Улыбка тронула губы Николо.
— Именно так. И эти похороны — возможность напомнить Валентино, моему племяннику, именно об этом. Он может быть назначенным лидером, но он не может сделать это сам. Его отец не смог до него, кто сказал, что он смог бы?
— Он мог бы удивить вас, — предположил Микеле.
— Удивить меня? — Николо запрокинул голову и рассмеялся. — Этот мальчик никогда не смог бы удивить меня. Я знаю его с детства, и он всегда был слабым человеком. Человеком, которым руководят. А таким людям всегда нужен кто-то, кто мог бы ими руководить.
— Кто-то вроде вас.
— Да. Кто-то вроде меня.
— Но вам это нравится? Руководить из тени? В чем же удовлетворение? — Спросил Микеле, серьезно обдумывая вопрос. В школе он много читал и был хорошо знаком с историей и политикой — вероятно, потому, что никогда не смотрел детских сериалов. Вместо этого он смирился с просмотром документальных фильмов — некоторые из них были даже анимационными. Вначале это была всего лишь история. Но по мере того, как он рос, его мышление тоже стало более зрелым, и он понял, что эти истории были не просто историями. Скорее, это были уроки, которые нужно было усвоить, притчи, к которым нужно прислушаться, и ошибки, которых следует избегать.
— Удовлетворение заключается в том, что я знаю, что мог бы прикончить его в одну секунду, если бы захотел. Что я как тень наблюдаю за ним, как жнец, ожидающий с поднятой косой, —гордо проворчал Николо.
— Вам нравится видеть, как люди нервничают, - заметил Микеле, вызвав улыбку у своего друга.

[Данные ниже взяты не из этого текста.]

text \<open>Two distinct blocks share at most one point, since a pair of points lies in a
  unique block.\<close>
lemma block_inter_le_one:
  assumes "b \<in> B" "d \<in> B" "b \<noteq> d"
  shows "card (b \<inter> d) \<le> 1"
proof (rule ccontr)
  assume "\<not> card (b \<inter> d) \<le> 1"
  then have "\<not> (\<forall>p\<in>b \<inter> d. \<forall>q\<in>b \<inter> d. p = q)"
    using finite_block[OF assms(1)] card_le_Suc0_iff_eq[of "b \<inter> d"] by simp
  then obtain p q where pq: "p \<in> b \<inter> d" "q \<in> b \<inter> d" "p \<noteq> q" by blast
  have "card {e \<in> B. {p, q} \<subseteq> e} = 1"
    using pq assms block_subset by (intro pair_unique) auto
  moreover have "{b, d} \<subseteq> {e \<in> B. {p, q} \<subseteq> e}" using pq assms by auto
  moreover have "finite {e \<in> B. {p, q} \<subseteq> e}" using finite_B by simp
  ultimately have "card {b, d} \<le> 1" using card_mono by metis
  then show False using assms(3) by simp
qed

lemma adj_iff: "big_adj 1 B b d \<longleftrightarrow> b \<in> B \<and> d \<in> B \<and> b \<noteq> d \<and> b \<inter> d \<noteq> {}"
proof
  assume "big_adj 1 B b d"
  then show "b \<in> B \<and> d \<in> B \<and> b \<noteq> d \<and> b \<inter> d \<noteq> {}" unfolding big_adj_def by auto
next
  assume bd: "b \<in> B \<and> d \<in> B \<and> b \<noteq> d \<and> b \<inter> d \<noteq> {}"
  then have "card (b \<inter> d) \<le> 1" "card (b \<inter> d) \<noteq> 0"
    using block_inter_le_one finite_block by auto
  then show "big_adj 1 B b d" using bd unfolding big_adj_def by simp
qed

lemma independent_iff:
  "independent_set B (big_adj 1 B) J \<longleftrightarrow>
     J \<subseteq> B \<and> (\<forall>y\<in>J. \<forall>z\<in>J. y \<noteq> z \<longrightarrow> y \<inter> z = {})"
  unfolding independent_set_def adj_iff by blast

lemma card_Union_disjoint_blocks:
  assumes "J \<subseteq> B" "\<forall>y\<in>J. \<forall>z\<in>J. y \<noteq> z \<longrightarrow> y \<inter> z = {}"
  shows "card (\<Union>J) = k * card J"
proof -
  have "card (\<Union>J) = sum card J"
    using assms finite_block by (intro card_Union_disjoint) (auto simp: pairwise_def disjnt_def)
  also have "\<dots> = sum (\<lambda>_. k) J" using assms block_card by (intro sum.cong) auto
  finally show ?thesis by simp
qed

lemma parallel_class_card:
  assumes "parallel_class V B P"
  shows "card V = k * card P"
  using assms card_Union_disjoint_blocks[of P] unfolding parallel_class_def by auto

text \<open>If a parallel class exists, every alpha-set of the 1-block intersection graph is a
  parallel class: it has at least as many disjoint blocks, hence covers all points.\<close>
lemma alpha_set_parallel_class:
  assumes "has_parallel_class V B" "alpha_set B (big_adj 1 B) I"
  shows "parallel_class V B I"
proof -
  obtain P where P: "parallel_class V B P" using assms(1) has_parallel_class_def by blast
  have I: "I \<subseteq> B" "\<forall>y\<in>I. \<forall>z\<in>I. y \<noteq> z \<longrightarrow> y \<inter> z = {}"
    using assms(2) unfolding alpha_set_def independent_iff by auto
  have "independent_set B (big_adj 1 B) P"
    using P unfolding parallel_class_def independent_iff by auto
  then have "card P \<le> card I" using assms(2) unfolding alpha_set_def by blast
  have sub: "\<Union>I \<subseteq> V" using I(1) block_subset by blast
  then have "k * card I \<le> k * card P"
    using card_mono[OF finite_V sub] card_Union_disjoint_blocks[OF I] parallel_class_card[OF P]
    by simp
  with \<open>card P \<le> card I\<close> have "card (\<Union>I) = card V"
    using k_gt_2 card_Union_disjoint_blocks[OF I] parallel_class_card[OF P] by simp
  then have "\<Union>I = V" using card_subset_eq[OF finite_V sub] by simp
  then show ?thesis using I unfolding parallel_class_def by blast
qed

text \<open>A block outside a parallel class meets exactly k of its blocks, one point each.\<close>
lemma block_meets_parallel_class:
  assumes I: "parallel_class V B I" and b: "b \<in> B" "b \<notin> I"
  shows "card {x \<in> I. b \<inter> x \<noteq> {}} = k"
proof -
  define I' where "I' = {x \<in> I. b \<inter> x \<noteq> {}}"
  have IB: "I \<subseteq> B" "\<Union>I = V" and disj: "\<forall>y\<in>I. \<forall>z\<in>I. y \<noteq> z \<longrightarrow> y \<inter> z = {}"
    using I unfolding parallel_class_def by auto
  have fin: "finite I'" using IB finite_B unfolding I'_def by (auto intro: finite_subset)
  have "b = (\<Union>x\<in>I'. b \<inter> x)" using IB block_subset[OF b(1)] unfolding I'_def by blast
  then have "card b = (\<Sum>x\<in>I'. card (b \<inter> x))"
    using card_UN_disjoint[OF fin, of "\<lambda>x. b \<inter> x"] finite_block[OF b(1)] disj
    unfolding I'_def by auto
  also have "\<dots> = (\<Sum>x\<in>I'. 1)"
  proof (rule sum.cong)
    fix x assume x: "x \<in> I'"
    then have "card (b \<inter> x) \<le> 1" using IB b block_inter_le_one unfolding I'_def by blast
    moreover have "card (b \<inter> x) \<noteq> 0" using x finite_block[OF b(1)] unfolding I'_def by auto
    ultimately show "card (b \<inter> x) = 1" by simp
  qed simp
  finally show ?thesis using block_card[OF b(1)] unfolding I'_def by simp
qed

lemma transversal_family_count:
  assumes I: "parallel_class V B I" and C: "C \<subseteq> B" "C \<inter> I = {}"
    and one: "\<forall>x\<in>I. card {b \<in> C. b \<inter> x \<noteq> {}} = 1"
  shows "card I = k * card C"
proof -
  have finI: "finite I" using I finite_B finite_subset unfolding parallel_class_def by blast
  have finC: "finite C" using C finite_B finite_subset by blast
  have "(\<Sum>x\<in>I. card {b \<in> C. b \<inter> x \<noteq> {}}) = k * card C"
    using C block_meets_parallel_class[OF I]
    by (intro sum_multicount[OF finI finC]) (auto simp: Int_commute)
  then show ?thesis using one by simp
qed

text \<open>Through a point p of a block x, the other blocks cover the remaining v-k points,
  so there are at least (v-k)/k of them.\<close>
lemma replication_bound:
  assumes x: "x \<in> B" and p: "p \<in> x"
  shows "card V - k \<le> k * card {b \<in> B. p \<in> b \<and> b \<noteq> x}"
proof -
  let ?S = "{b \<in> B. p \<in> b \<and> b \<noteq> x}"
  have cover: "V - x \<subseteq> \<Union>?S"
  proof
    fix q assume q: "q \<in> V - x"
    have "card {b \<in> B. {p, q} \<subseteq> b} = 1"
      using q p block_subset[OF x] by (intro pair_unique) auto
    then obtain b where "b \<in> B" "{p, q} \<subseteq> b"
      by (metis (no_types, lifting) card_1_singletonE mem_Collect_eq singletonI)
    then show "q \<in> \<Union>?S" using q by blast
  qed
  have "card V - k = card (V - x)"
    using card_Diff_subset[OF finite_block[OF x] block_subset[OF x]] block_card[OF x] by simp
  also have "\<dots> \<le> card (\<Union>?S)"
    using cover finite_B finite_block by (intro card_mono) auto
  also have "\<dots> \<le> sum card ?S" by (rule card_Union_le_sum_card)
  also have "\<dots> = k * card ?S" using block_card by simp
  finally show ?thesis .
qed

text \<open>Lower bound on degrees: the blocks through two distinct points of x are disjoint
  sets of neighbours of x.\<close>
lemma degree_bound:
  assumes x: "x \<in> B"
  shows "2 * (card V - k) \<le> k * card {y \<in> B. big_adj 1 B x y}"
proof -
  obtain p1 p2 where p: "p1 \<in> x" "p2 \<in> x" "p1 \<noteq> p2"
  proof -
    have "\<not> card x \<le> 1" using block_card[OF x] k_gt_2 by simp
    then have "\<not> (\<forall>p\<in>x. \<forall>q\<in>x. p = q)" using card_le_Suc0_iff_eq[OF finite_block[OF x]] by simp
    then show ?thesis using that by blast
  qed
  define S where "S p = {b \<in> B. p \<in> b \<and> b \<noteq> x}" for p
  have disj: "S p1 \<inter> S p2 = {}"
  proof (rule ccontr)
    assume "S p1 \<inter> S p2 \<noteq> {}"
    then obtain b where b: "b \<in> B" "b \<noteq> x" "{p1, p2} \<subseteq> b \<inter> x"
      using p unfolding S_def by blast
    then have "card {p1, p2} \<le> card (b \<inter> x)" using finite_block[OF x] by (intro card_mono) auto
    then show False using p block_inter_le_one[OF b(1) x b(2)] by simp
  qed
  have sub: "S p1 \<union> S p2 \<subseteq> {y \<in> B. big_adj 1 B x y}" using x p unfolding S_def adj_iff by blast
  have "2 * (card V - k) \<le> k * (card (S p1) + card (S p2))"
    using replication_bound[OF x p(1)] replication_bound[OF x p(2)]
    unfolding S_def by (simp add: distrib_left)
  also have "card (S p1) + card (S p2) = card (S p1 \<union> S p2)"
    using disj finite_B by (simp add: S_def card_Un_disjoint)
  also have "\<dots> \<le> card {y \<in> B. big_adj 1 B x y}" using sub finite_B by (intro card_mono) auto
  finally show ?thesis by simp
qed
lemma expectation_rcga_step_eq_bit_gain:
  assumes "valid_freqs r n p" and "i < n" and "r \<ge> 1"
  defines "D \<equiv> pair_pmf (bernoulli_pmf (p i (r - 1))) (rest_onemax_pmf r n p i)"
  shows "measure_pmf.expectation (rcga_step r n K p) (\<lambda>q. q i (r - 1) - p i (r - 1)) =
         measure_pmf.expectation (pair_pmf D D) (\<lambda>(x, y). bit_gain x y) / K"
proof -
  define c where "c = r - 1"
  define T where "T = pair_pmf (value_pmf r p i) (Pi_pmf ({..<n} - {i}) 0 (value_pmf r p))"
  define upd :: "nat \<times> (nat \<Rightarrow> nat) \<Rightarrow> nat \<Rightarrow> nat" where "upd = (\<lambda>(a, x). x(i := a))"
  define summary :: "nat \<times> (nat \<Rightarrow> nat) \<Rightarrow> bool \<times> nat" where
    "summary = (\<lambda>(a, x). (a = c, card {j \<in> {..<n} - {i}. x j = c}))"
  define change :: "(nat \<Rightarrow> nat) \<times> (nat \<Rightarrow> nat) \<Rightarrow> real" where
    "change = (\<lambda>(x, y). (if r_onemax r n x < r_onemax r n y then of_bool (y i = c) - of_bool (x i = c)
                          else of_bool (x i = c) - of_bool (y i = c)) / K)"
  have sample: "sample_ind r n p = map_pmf upd T"
    unfolding T_def upd_def using \<open>i < n\<close> by (rule sample_ind_split)
  have "map_pmf summary T = pair_pmf (map_pmf (\<lambda>a. a = c) (value_pmf r p i)) (rest_onemax_pmf r n p i)"
    unfolding T_def summary_def rest_onemax_pmf_def c_def by (rule map_pair)
  then have summary: "map_pmf summary T = D"
    using assms by (simp add: D_def c_def map_pmf_eq_bernoulli_pmf pmf_value_pmf)
  have "change (upd d, upd e) = bit_gain (summary d) (summary e) / K" for d e
    using \<open>i < n\<close>
    by (cases d, cases e) (simp add: change_def upd_def summary_def bit_gain_def r_onemax_fun_upd c_def)
  then have "measure_pmf.expectation (pair_pmf (map_pmf upd T) (map_pmf upd T)) change =
        measure_pmf.expectation (pair_pmf (map_pmf summary T) (map_pmf summary T)) (\<lambda>(x, y). bit_gain x y / K)"
    by (simp flip: map_pair add: case_prod_beta)
  moreover have "measure_pmf.expectation (rcga_step r n K p) (\<lambda>q. q i c - p i c) =
      measure_pmf.expectation (pair_pmf (map_pmf upd T) (map_pmf upd T)) change"
    unfolding change_def sample[symmetric] by (rule expectation_rcga_step_frequency_change)
  ultimately have "measure_pmf.expectation (rcga_step r n K p) (\<lambda>q. q i c - p i c) =
      measure_pmf.expectation (pair_pmf D D) (\<lambda>(x, y). bit_gain x y / K)"
    by (simp only: summary)
  also have "\<dots> = measure_pmf.expectation (pair_pmf D D) (\<lambda>(x, y). bit_gain x y) / K"
  proof -
    have "(\<lambda>(x, y). bit_gain x y / K) = (\<lambda>z. (case z of (x, y) \<Rightarrow> bit_gain x y) / K)"
      by (simp add: fun_eq_iff split: prod.split)
    then show ?thesis
      by (simp only: integral_divide_zero)
  qed
  finally show ?thesis
    by (simp only: c_def)
qed

theorem lemma3:
  fixes n r :: nat and K :: real and p :: "nat \<Rightarrow> nat \<Rightarrow> real" and i :: nat
  assumes "n \<ge> 1" and "r \<ge> 2" and "K > 0"
    and "valid_freqs r n p"
    and "i < n"
    and "1 / K \<le> p i (r - 1)" and "p i (r - 1) \<le> 1 - 1 / K"
  shows "measure_pmf.expectation (rcga_step r n K p) (\<lambda>q. q i (r - 1) - p i (r - 1))
         \<ge> 8 * p i (r - 1) * (1 - p i (r - 1)) /
           (9 * K * (2 * sqrt (3 * (\<Sum>j\<in>{..<n} - {i}. p j (r - 1) * (1 - p j (r - 1)))) + 1))"
proof -
  define q where "q = p i (r - 1)"
  define \<sigma> where "\<sigma> = rest_onemax_pmf r n p i"
  define D where "D = pair_pmf (bernoulli_pmf q) \<sigma>"
  define V where "V = (\<Sum>j\<in>{..<n} - {i}. p j (r - 1) * (1 - p j (r - 1)))"
  have "0 < 1 / K"
    using \<open>K > 0\<close> by simp
  then have q: "0 \<le> q" "q \<le> 1"
    using assms(6,7) unfolding q_def by linarith+
  have fin: "finite (set_pmf \<sigma>)"
    using assms(4) unfolding \<sigma>_def by (rule finite_set_rest_onemax_pmf)
  have "8 * q * (1 - q) / (9 * K * (2 * sqrt (3 * V) + 1)) =
      2 * q * (1 - q) * (4 / (9 * (2 * sqrt (3 * V) + 1))) / K"
    by (simp add: mult_ac)
  also have "\<dots> \<le> 2 * q * (1 - q) * (\<Sum>s\<in>set_pmf \<sigma>. (pmf \<sigma> s)\<^sup>2) / K"
    using sum_pmf_squared_ge_variance[OF fin] variance_rest_onemax_pmf[OF assms(4)] assms(2,3) q
    by (intro divide_right_mono mult_left_mono) (auto simp: \<sigma>_def V_def)
  also have "\<dots> \<le> measure_pmf.expectation (pair_pmf D D) (\<lambda>(x, y). bit_gain x y) / K"
    using expectation_bit_gain_ge[OF q fin] \<open>K > 0\<close> unfolding D_def by (intro divide_right_mono) auto
  also have "\<dots> = measure_pmf.expectation (rcga_step r n K p) (\<lambda>q. q i (r - 1) - p i (r - 1))"
    using assms(2) unfolding D_def q_def \<sigma>_def
    by (intro expectation_rcga_step_eq_bit_gain[symmetric] assms(4,5)) simp
  finally show ?thesis
    by (simp only: q_def V_def)
qed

— Действительно. Потому что, что может быть важнее власти, чем власть над чувствами? Когда ты можешь диктовать, что чувствуют другие, это высшая форма власти. Все остальное — побочный продукт этого процесса.
— Я понимаю, — согласился Микеле, сумевший понять точку зрения Николо. — Но это означает, что тебе никогда не воздадут должное за твою работу, — продолжил он. Что касается его самого, то он не знал, чего бы ему больше хотелось — работать в тени и получить контроль над всеми или быть на свету, где все знают, кто он такой. Его логическая сторона подсказывала ему, что первое было лучшим выбором, поскольку Николо был прав насчет наивысшего проявления силы. Но в глубине души ему хотелось, чтобы его способности хоть раз были признаны. Он всегда был в тени — бессильный и скрытый. Он знал только это, и поэтому тоже хотел испытать противоположное. Возможно, с его стороны было тщеславно желать чего-то подобного, но он устал прятаться — устал принижать свое истинное «я» и то, что он считал своими качествами, чтобы понравиться другим. И в идеальном, утопическом мире, о котором мечтал Микеле, люди признавали его сильные стороны и хвалили его за них, вместо того чтобы пытаться принизить его.